● **WHAT THE EXERCISE ASKS**:
Each line shown below should be copied exactly.

□ □ □

(* Let $G$ be a bipartite graph with at most one isolated vertex and no connected component consisting of a single edge, and let $s=s(G)$ be its irregularity strength. Then $G$ contains a spanning subgraph $H$ with $m(H)\le 2s-1$. If moreover $G$ is regular, then $G$ contains a spanning subgraph $H$ with $m(H)\le 2s-3$.
   Context: All graphs are finite and simple. For a graph $G$ and integer $k\ge0$, $m(G,k)$ is the number of vertices of degree exactly $k$ in $G$ and $m(G)=\max_k m(G,k)$. For a graph $G=(V,E)$ with at most one isolated vertex and no isolated edges (components isomorphic to $K_2$), the irregularity strength $s(G)$ is the smallest positive integer $s$ such that there is a function $w:E\to\{1,2,\dots,s\}$ for which the sums $\sum_{e\ni v}w(e)$, $v\in V$, are pairwise distinct. *)

theory Defs
  imports Main
begin

definition simple_graph :: "'a set \<Rightarrow> 'a set set \<Rightarrow> bool" where
  "simple_graph V E \<longleftrightarrow> finite V \<and>
     (\<forall>e\<in>E. \<exists>u v. u \<noteq> v \<and> u \<in> V \<and> v \<in> V \<and> e = {u, v})"

definition deg :: "'a set set \<Rightarrow> 'a \<Rightarrow> nat" where
  "deg E v = card {e \<in> E. v \<in> e}"

definition mult_deg :: "'a set \<Rightarrow> 'a set set \<Rightarrow> nat \<Rightarrow> nat" where
  "mult_deg V E k = card {v \<in> V. deg E v = k}"

definition max_mult :: "'a set \<Rightarrow> 'a set set \<Rightarrow> nat" where
  "max_mult V E = Max (range (mult_deg V E))"

definition bipartite :: "'a set \<Rightarrow> 'a set set \<Rightarrow> bool" where
  "bipartite V E \<longleftrightarrow> (\<exists>A B. A \<inter> B = {} \<and> A \<union> B = V \<and>
      (\<forall>e\<in>E. \<exists>a b. a \<in> A \<and> b \<in> B \<and> e = {a, b}))"

definition regular :: "'a set \<Rightarrow> 'a set set \<Rightarrow> bool" where
  "regular V E \<longleftrightarrow> (\<exists>k. \<forall>v\<in>V. deg E v = k)"

definition at_most_one_isolated :: "'a set \<Rightarrow> 'a set set \<Rightarrow> bool" where
  "at_most_one_isolated V E \<longleftrightarrow> card {v \<in> V. deg E v = 0} \<le> 1"

text \<open>No component isomorphic to K2: no edge both of whose endpoints have degree 1.\<close>
definition no_isolated_edge :: "'a set \<Rightarrow> 'a set set \<Rightarrow> bool" where
  "no_isolated_edge V E \<longleftrightarrow> \<not> (\<exists>u v. {u, v} \<in> E \<and> u \<noteq> v \<and> deg E u = 1 \<and> deg E v = 1)"

definition irregular_weighting :: "'a set \<Rightarrow> 'a set set \<Rightarrow> nat \<Rightarrow> bool" where
  "irregular_weighting V E s \<longleftrightarrow> (\<exists>w :: 'a set \<Rightarrow> nat.
      (\<forall>e\<in>E. w e \<in> {1..s}) \<and> inj_on (\<lambda>v. \<Sum>e\<in>{e \<in> E. v \<in> e}. w e) V)"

□ □ □

● **TASK RESULT**:
(* Let $G$ be a bipartite graph with at most one isolated vertex and no connected component consisting of a single edge, and let $s=s(G)$ be its irregularity strength. Then $G$ contains a spanning subgraph $H$ with $m(H)\le 2s-1$. If moreover $G$ is regular, then $G$ contains a spanning subgraph $H$ with $m(H)\le 2s-3$.
   Context: All graphs are finite and simple. For a graph $G$ and integer $k\ge0$, $m(G,k)$ is the number of vertices of degree exactly $k$ in $G$ and $m(G)=\max_k m(G,k)$. For a graph $G=(V,E)$ with at most one isolated vertex and no isolated edges (components isomorphic to $K_2$), the irregularity strength $s(G)$ is the smallest positive integer $s$ such that there is a function $w:E\to\{1,2,\dots,s\}$ for which the sums $\sum_{e\ni v}w(e)$, $v\in V$, are pairwise distinct. *)

theory Defs
  imports Main
begin

definition simple_graph :: "'a set \<Rightarrow> 'a set set \<Rightarrow> bool" where
  "simple_graph V E \<longleftrightarrow> finite V \<and>
     (\<forall>e\<in>E. \<exists>u v. u \<noteq> v \<and> u \<in> V \<and> v \<in> V \<and> e = {u, v})"

definition deg :: "'a set set \<Rightarrow> 'a \<Rightarrow> nat" where
  "deg E v = card {e \<in> E. v \<in> e}"

definition mult_deg :: "'a set \<Rightarrow> 'a set set \<Rightarrow> nat \<Rightarrow> nat" where
  "mult_deg V E k = card {v \<in> V. deg E v = k}"

definition max_mult :: "'a set \<Rightarrow> 'a set set \<Rightarrow> nat" where
  "max_mult V E = Max (range (mult_deg V E))"

definition bipartite :: "'a set \<Rightarrow> 'a set set \<Rightarrow> bool" where
  "bipartite V E \<longleftrightarrow> (\<exists>A B. A \<inter> B = {} \<and> A \<union> B = V \<and>
      (\<forall>e\<in>E. \<exists>a b. a \<in> A \<and> b \<in> B \<and> e = {a, b}))"

definition regular :: "'a set \<Rightarrow> 'a set set \<Rightarrow> bool" where
  "regular V E \<longleftrightarrow> (\<exists>k. \<forall>v\<in>V. deg E v = k)"

definition at_most_one_isolated :: "'a set \<Rightarrow> 'a set set \<Rightarrow> bool" where
  "at_most_one_isolated V E \<longleftrightarrow> card {v \<in> V. deg E v = 0} \<le> 1"

text \<open>No component isomorphic to K2: no edge both of whose endpoints have degree 1.\<close>
definition no_isolated_edge :: "'a set \<Rightarrow> 'a set set \<Rightarrow> bool" where
  "no_isolated_edge V E \<longleftrightarrow> \<not> (\<exists>u v. {u, v} \<in> E \<and> u \<noteq> v \<and> deg E u = 1 \<and> deg E v = 1)"

definition irregular_weighting :: "'a set \<Rightarrow> 'a set set \<Rightarrow> nat \<Rightarrow> bool" where
  "irregular_weighting V E s \<longleftrightarrow> (\<exists>w :: 'a set \<Rightarrow> nat.
      (\<forall>e\<in>E. w e \<in> {1..s}) \<and> inj_on (\<lambda>v. \<Sum>e\<in>{e \<in> E. v \<in> e}. w e) V)"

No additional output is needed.